The number of individuals who landed from the Bounty was nine Englishmen; and of natives from Otaheite and Tabouis, six men, twelve women, and one child. The population now comprises, of English males and their descendants, thirty-eight; twenty-six females descended from the same nation; and five females, natives of Otaheite. It is a remarkable fact, that not one individual who landed with Christian, not numbered now with the living, met with a natural death; each arrived at an untimely end, by assassination or other violence, the fuits of internal broils in this little community.
The offspring of Christian are represented to be very handsome, their features strongly partaking of the English; the beauty of one of them, a girl named Mary Ann Christian, for which she is termed "the maid of the South Seas," is said to invite the same admiration which is offered to the most favoured of our own fair countrywomen. Their habitations, which are thirty feet in depth, and twelve feet wide, are constructed with boards. It is computed that the island is sufficiently extensive to afford, by culture, maintenance for its inhabitants, allowing for their increase, for at least 100 years.

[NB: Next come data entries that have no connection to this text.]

(* There do not exist real numbers $a,b,c$ with $a\neq 0$ such that the quadratic function $f(x)=ax^2+bx+c$ has two distinct fixed points $p_1,p_2\in\mathbb{R}$ with the property that for each $i\in\{1,2\}$ there is $\epsilon_i>0$ such that for every $x^{(0)}$ with $|x^{(0)}-p_i|\le\epsilon_i$, the fixed-point iteration $x^{(t)}=f(x^{(t-1)})$, $t\ge1$, converges to $p_i$.
   Context: A fixed point of $f$ is a point $p$ with $f(p)=p$. *)

theory Defs
  imports Complex_Main
begin

end

theory Submission
  imports Defs
begin

text \<open>For distinct fixed points \<open>p\<^sub>1, p\<^sub>2\<close> of \<open>f x = a x\<^sup>2 + b x + c\<close> the
  derivatives satisfy \<open>f'(p\<^sub>1) + f'(p\<^sub>2) = 2\<close>, so one of them, say \<open>p\<close>, has \<open>f'(p) \<ge> 1\<close>.
  Writing \<open>u = a (x - p)\<close>, one step of the iteration maps \<open>u\<close> to \<open>u (u + f'(p)) \<ge> u\<close>
  whenever \<open>u > 0\<close>; hence iterates started arbitrarily close to \<open>p\<close> on the side
  \<open>sgn a\<close> keep \<open>a (x - p)\<close> bounded away from \<open>0\<close> and cannot converge to \<open>p\<close>.\<close>

lemma quadratic_sub_fixed_point:
  fixes a b c p x :: real
  assumes "a * p^2 + b * p + c = p"
  shows "a * x^2 + b * x + c - p = (x - p) * (a * (x - p) + (2 * a * p + b))"
  using assms by (simp add: algebra_simps power2_eq_square)

lemma quadratic_fixed_points_derivative_sum:
  fixes a b c p1 p2 :: real
  assumes "p1 \<noteq> p2" and "a * p1^2 + b * p1 + c = p1" and "a * p2^2 + b * p2 + c = p2"
  shows "(2 * a * p1 + b) + (2 * a * p2 + b) = 2"
proof -
  have "(p1 - p2) * (a * p1 + a * p2 + b - 1) = 0"
    using assms(2,3) by (simp add: algebra_simps power2_eq_square)
  with assms(1) have "a * p1 + a * p2 + b = 1" by simp
  then show ?thesis by simp
qed

lemma quadratic_repelling_step:
  fixes a b c p x :: real
  assumes fp: "a * p^2 + b * p + c = p" and d: "2 * a * p + b \<ge> 1" and u: "a * (x - p) > 0"
  shows "a * (a * x^2 + b * x + c - p) \<ge> a * (x - p)"
proof -
  have "a * (a * x^2 + b * x + c - p) = a * (x - p) * (a * (x - p) + (2 * a * p + b))"
    using quadratic_sub_fixed_point[OF fp, of x] by (simp add: mult.assoc)
  also have "\<dots> \<ge> a * (x - p) * 1"
    using u d by (intro mult_left_mono) auto
  finally show ?thesis by simp
qed

lemma quadratic_repelling_iterates:
  fixes a b c p x :: real and f :: "real \<Rightarrow> real"
  assumes f: "f = (\<lambda>x. a * x^2 + b * x + c)"
    and fp: "a * p^2 + b * p + c = p" and d: "2 * a * p + b \<ge> 1" and u: "a * (x - p) > 0"
  shows "a * ((f ^^ t) x - p) \<ge> a * (x - p)"
proof (induction t)
  case 0
  show ?case by simp
next
  case (Suc t)
  with u have "a * ((f ^^ t) x - p) > 0" by linarith
  from quadratic_repelling_step[OF fp d this] Suc show ?case
    by (simp add: f)
qed

lemma quadratic_repelling_not_tendsto:
  fixes a b c p x :: real and f :: "real \<Rightarrow> real"
  assumes f: "f = (\<lambda>x. a * x^2 + b * x + c)"
    and fp: "a * p^2 + b * p + c = p" and d: "2 * a * p + b \<ge> 1" and u: "a * (x - p) > 0"
  shows "\<not> (\<lambda>t. (f ^^ t) x) \<longlonglongrightarrow> p"
proof
  assume "(\<lambda>t. (f ^^ t) x) \<longlonglongrightarrow> p"
  then have "(\<lambda>t. a * ((f ^^ t) x - p)) \<longlonglongrightarrow> a * (p - p)"
    by (intro tendsto_intros)
  then have "a * (x - p) \<le> a * (p - p)"
    by (rule LIMSEQ_le_const) (use quadratic_repelling_iterates[OF f fp d u] in auto)
  with u show False by simp
qed

theorem lemmaA8:
  shows "\<not> (\<exists>a b c :: real. a \<noteq> 0 \<and>
           (let f = (\<lambda>x. a * x^2 + b * x + c) in
             (\<exists>p1 p2 :: real. p1 \<noteq> p2 \<and> f p1 = p1 \<and> f p2 = p2 \<and>
               (\<forall>p \<in> {p1, p2}. \<exists>\<epsilon> > 0. \<forall>x0. \<bar>x0 - p\<bar> \<le> \<epsilon> \<longrightarrow>
                   (\<lambda>t. (f ^^ t) x0) \<longlonglongrightarrow> p))))"
proof
  assume "\<exists>a b c :: real. a \<noteq> 0 \<and>
           (let f = (\<lambda>x. a * x^2 + b * x + c) in
             (\<exists>p1 p2 :: real. p1 \<noteq> p2 \<and> f p1 = p1 \<and> f p2 = p2 \<and>
               (\<forall>p \<in> {p1, p2}. \<exists>\<epsilon> > 0. \<forall>x0. \<bar>x0 - p\<bar> \<le> \<epsilon> \<longrightarrow>
                   (\<lambda>t. (f ^^ t) x0) \<longlonglongrightarrow> p)))"
  then obtain a b c p1 p2 :: real and f :: "real \<Rightarrow> real"
    where f: "f = (\<lambda>x. a * x^2 + b * x + c)" and a: "a \<noteq> 0" and "p1 \<noteq> p2"
      and fp1: "a * p1^2 + b * p1 + c = p1" and fp2: "a * p2^2 + b * p2 + c = p2"
      and attracting: "\<forall>p \<in> {p1, p2}. \<exists>\<epsilon> > 0. \<forall>x0. \<bar>x0 - p\<bar> \<le> \<epsilon> \<longrightarrow>
                         (\<lambda>t. (f ^^ t) x0) \<longlonglongrightarrow> p"
    unfolding Let_def by blast
  have "2 * a * p1 + b \<ge> 1 \<or> 2 * a * p2 + b \<ge> 1"
    using quadratic_fixed_points_derivative_sum[OF \<open>p1 \<noteq> p2\<close> fp1 fp2] by linarith
  then obtain p where "p \<in> {p1, p2}" and d: "2 * a * p + b \<ge> 1" by blast
  with fp1 fp2 have fp: "a * p^2 + b * p + c = p" by auto
  from attracting \<open>p \<in> {p1, p2}\<close> obtain \<epsilon> :: real where "\<epsilon> > 0"
    and converges: "\<forall>x0. \<bar>x0 - p\<bar> \<le> \<epsilon> \<longrightarrow> (\<lambda>t. (f ^^ t) x0) \<longlonglongrightarrow> p" by blast
  define x0 where "x0 = p + \<epsilon> * sgn a"
  have "\<bar>x0 - p\<bar> \<le> \<epsilon>"
    using \<open>\<epsilon> > 0\<close> a by (simp add: x0_def abs_mult abs_sgn_eq)
  moreover have "a * (x0 - p) > 0"
    using \<open>\<epsilon> > 0\<close> a by (simp add: x0_def mult.left_commute abs_sgn[symmetric])
  ultimately show False
    using converges quadratic_repelling_not_tendsto[OF _ fp d] by (auto simp: f)
qed

end
(* Let $G=(V,W,E)$ be a bipartite graph with parts $V$ and $W$ such that (1) $|N(v)|=3$ for all $v\in V$, (2) $G$ is odd, (3) $G$ is rigid, and (4) there are no distinct $w_1,w_2\in W$ with $N_G^{2}(w_1)=N_G^{2}(w_2)$. Then the graph $R(G)$ is rigid.
   Context: All graphs are finite, simple and undirected; $N(v)$ denotes the neighbourhood of $v$. A graph is rigid if its only automorphism is the identity. A bipartite graph $G=(V,W,E)$ in which every vertex of $V$ has degree $3$ is called odd if for every nonempty $X\subseteq W$ there is some $v\in V$ such that $|X\cap N(v)|$ is odd. The second neighbourhood of a vertex $v$ is $N_G^{2}(v)=\{u\in V(G): u\neq v \text{ and there is } w \text{ with } \{v,w\},\{w,u\}\in E(G)\}$. The graph $R(G)$ is defined as follows: for each $w\in W$ it has two vertices $a(w),b(w)$; for each $v\in V$, with its three neighbours listed in a fixed order $w_1,w_2,w_3$, it has four vertices $m_x(v)$, $x=(x_1,x_2,x_3)\in\{0,1\}^3$ with an even number of ones, where $m_x(v)$ is adjacent to $a(w_j)$ if $x_j=0$ and to $b(w_j)$ if $x_j=1$, for $j=1,2,3$; there are no other edges. *)

theory Defs
  imports Main
begin

definition automorphism :: "'a set \<Rightarrow> ('a \<Rightarrow> 'a \<Rightarrow> bool) \<Rightarrow> ('a \<Rightarrow> 'a) \<Rightarrow> bool" where
  "automorphism X Adj f \<longleftrightarrow>
     bij_betw f X X \<and> (\<forall>x\<in>X. \<forall>y\<in>X. Adj (f x) (f y) \<longleftrightarrow> Adj x y)"
lemma mnl_kernel_mem_conf_set:
  assumes fin: "\<And>s a. finite (Sset s a)" and ne: "\<And>s a. Sset s a \<noteq> {}"
    and "0 \<le> \<beta>" "\<And>x. 0 \<le> x \<bullet> (matrix_inv \<Sigma> *v x)"
  shows "mnl_kernel \<phi> Sset \<theta> \<in> conf_set \<phi> Sset \<theta> \<Sigma> \<beta>"
  unfolding conf_set_def
proof (intro CollectI conjI allI)
  fix s a s'
  show "0 \<le> mnl_kernel \<phi> Sset \<theta> s a s'" "mnl_kernel \<phi> Sset \<theta> s a s' \<le> 1"
    using mnl_prob_le_1[of Sset s a, OF fin] by (auto simp: mnl_kernel_def mnl_prob_nonneg)
next
  fix s a
  show "(\<Sum>s'\<in>Sset s a. mnl_kernel \<phi> Sset \<theta> s a s') = 1"
    using sum_mnl_prob[of Sset s a, OF fin ne] by (simp add: mnl_kernel_def)
  obtain s' where "s' \<in> Sset s a"
    using ne by blast
  then show "(\<Sum>s'\<in>Sset s a. \<bar>mnl_kernel \<phi> Sset \<theta> s a s' - mnl_prob \<phi> Sset \<theta> s a s'\<bar>)
      \<le> bonus1 \<phi> Sset \<theta> \<Sigma> \<beta> s a + bonus2 \<phi> Sset \<Sigma> \<beta> s a"
    by (simp add: mnl_kernel_def)
      (intro add_nonneg_nonneg bonus1_nonneg[OF assms(3,4)] bonus2_nonneg[of Sset s a, OF fin])
qed

lemma design_matrix_pos_def:
  fixes \<Sigma> :: "nat \<Rightarrow> real^'d^'d"
  assumes fin: "\<And>s a. finite (Sset s a)" and ne: "\<And>s a. Sset s a \<noteq> {}"
    and "lam > 0" and init: "\<Sigma> 1 = lam *\<^sub>R mat 1"
    and upd: "\<And>t. t \<ge> 1 \<Longrightarrow> \<Sigma> (Suc t) = \<Sigma> t + mnl_hessian \<phi> Sset (\<theta>hat (Suc t)) (sta t) (act t)"
    and "1 \<le> u" "x \<noteq> 0"
  shows "0 < x \<bullet> (\<Sigma> u *v x)"
proof -
  have "lam * (x \<bullet> x) \<le> x \<bullet> (\<Sigma> u *v x)"
    using \<open>1 \<le> u\<close>
  proof (induction u rule: dec_induct)
    case base
    show ?case
      unfolding init by (simp flip: scaleR_matrix_vector_assoc)
  next
    case (step u)
    have "0 \<le> x \<bullet> (mnl_hessian \<phi> Sset (\<theta>hat (Suc u)) (sta u) (act u) *v x)"
      using fin ne by (rule mnl_hessian_psd)
    then show ?case
      using step by (simp add: upd matrix_vector_mult_add_rdistrib inner_add_right)
  qed
  moreover have "0 < lam * (x \<bullet> x)"
    using \<open>lam > 0\<close> \<open>x \<noteq> 0\<close> by simp
  ultimately show ?thesis
    by linarith
qed

theorem lemma5:
  fixes \<phi> :: "'s::finite \<Rightarrow> 'a::finite \<Rightarrow> 's \<Rightarrow> real^'d"
    and Sset :: "'s \<Rightarrow> 'a \<Rightarrow> 's set"
    and r :: "'s \<Rightarrow> 'a \<Rightarrow> real"
    and \<gamma> lam L\<theta> :: real
    and N T :: nat
    and \<theta>star :: "real^'d"
    and \<theta>hat :: "nat \<Rightarrow> real^'d"
    and \<Sigma> :: "nat \<Rightarrow> real^'d^'d"
    and \<beta> :: "nat \<Rightarrow> real"
    and tk :: "nat \<Rightarrow> nat"
    and sta :: "nat \<Rightarrow> 's"
    and act :: "nat \<Rightarrow> 'a"
    and k t :: nat
  assumes Sset_ne: "\<And>s a. Sset s a \<noteq> {}"
    and r_range: "\<And>s a. 0 \<le> r s a \<and> r s a \<le> 1"
    and gamma: "0 \<le> \<gamma>" "\<gamma> < 1"
    and lambda: "lam > 0"
    and beta_pos: "\<And>t. \<beta> t > 0"
    and theta_bound: "norm \<theta>star \<le> L\<theta>"
    and Sigma_init: "\<Sigma> 1 = lam *\<^sub>R mat 1"
    and Sigma_upd: "\<And>t. t \<ge> 1 \<Longrightarrow>
          \<Sigma> (Suc t) = \<Sigma> t + mnl_hessian \<phi> Sset (\<theta>hat (Suc t)) (sta t) (act t)"
    and transitions: "\<And>t. t \<ge> 1 \<Longrightarrow> sta (Suc t) \<in> Sset (sta t) (act t)"
    and ep_start: "tk 0 = 1"
    and ep_mono: "\<And>j. tk j < tk (Suc j)"
    and ep_within: "\<And>j u. tk j < u \<Longrightarrow> u < tk (Suc j) \<Longrightarrow> det (\<Sigma> u) \<le> 2 * det (\<Sigma> (tk j))"
    and ep_switch: "\<And>j. tk (Suc j) \<le> T \<Longrightarrow> det (\<Sigma> (tk (Suc j))) > 2 * det (\<Sigma> (tk j))"
    and greedy: "\<And>j u b. tk j \<le> u \<Longrightarrow> u < tk (Suc j) \<Longrightarrow>
          devi_Q \<gamma> (conf_set \<phi> Sset (\<theta>hat (tk j)) (\<Sigma> (tk j)) (\<beta> (tk j))) Sset r N (sta u) b
          \<le> devi_Q \<gamma> (conf_set \<phi> Sset (\<theta>hat (tk j)) (\<Sigma> (tk j)) (\<beta> (tk j))) Sset r N (sta u) (act u)"
    and confidence: "\<And>u. 1 \<le> u \<Longrightarrow> u \<le> T \<Longrightarrow> wnorm (\<Sigma> u) (\<theta>hat u - \<theta>star) \<le> \<beta> u"
    and t_range: "tk k \<le> t" "t < tk (Suc k) - 1"
  shows "devi_Q \<gamma> (conf_set \<phi> Sset (\<theta>hat (tk k)) (\<Sigma> (tk k)) (\<beta> (tk k))) Sset r N (sta t) (act t)
     \<le> r (sta t) (act t)
        + \<gamma> * opt_backup (conf_set \<phi> Sset (\<theta>hat (tk k)) (\<Sigma> (tk k)) (\<beta> (tk k))) Sset
              (Vof (devi_Q \<gamma> (conf_set \<phi> Sset (\<theta>hat (tk k)) (\<Sigma> (tk k)) (\<beta> (tk k))) Sset r N))
              (sta t) (act t)
        + \<gamma> ^ N"
proof -
  let ?P = "conf_set \<phi> Sset (\<theta>hat (tk k)) (\<Sigma> (tk k)) (\<beta> (tk k))"
  have "1 \<le> tk k"
    using ep_start ep_mono by (metis le0 lift_Suc_mono_le less_imp_le)
  then have "0 \<le> x \<bullet> (matrix_inv (\<Sigma> (tk k)) *v x)" for x
    by (intro matrix_inv_psd_if_pos_def design_matrix_pos_def[OF _ Sset_ne lambda Sigma_init Sigma_upd]) auto
  then have "mnl_kernel \<phi> Sset (\<theta>hat (tk k)) \<in> ?P"
    using beta_pos[of "tk k"] by (intro mnl_kernel_mem_conf_set Sset_ne) auto
  then have "?P \<noteq> {}"
    by blast
  from devi_Q_le_Suc_plus[OF this stochastic_kernels_conf_set] r_range gamma
  show ?thesis
    by simp
qed

end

An American, the only stranger among them, had landed lately and settled there. He is a carpenter, and one likely to be of the greatest utility to them. He had already begun to teach them to build, and to enjoin them to acts of industry (a work in which he had been very successful), and had establised a school for the children. John Adams was in good health, but rather infirm from age. He expressed a desire to return to his native land. -- Hampshire Telegraph.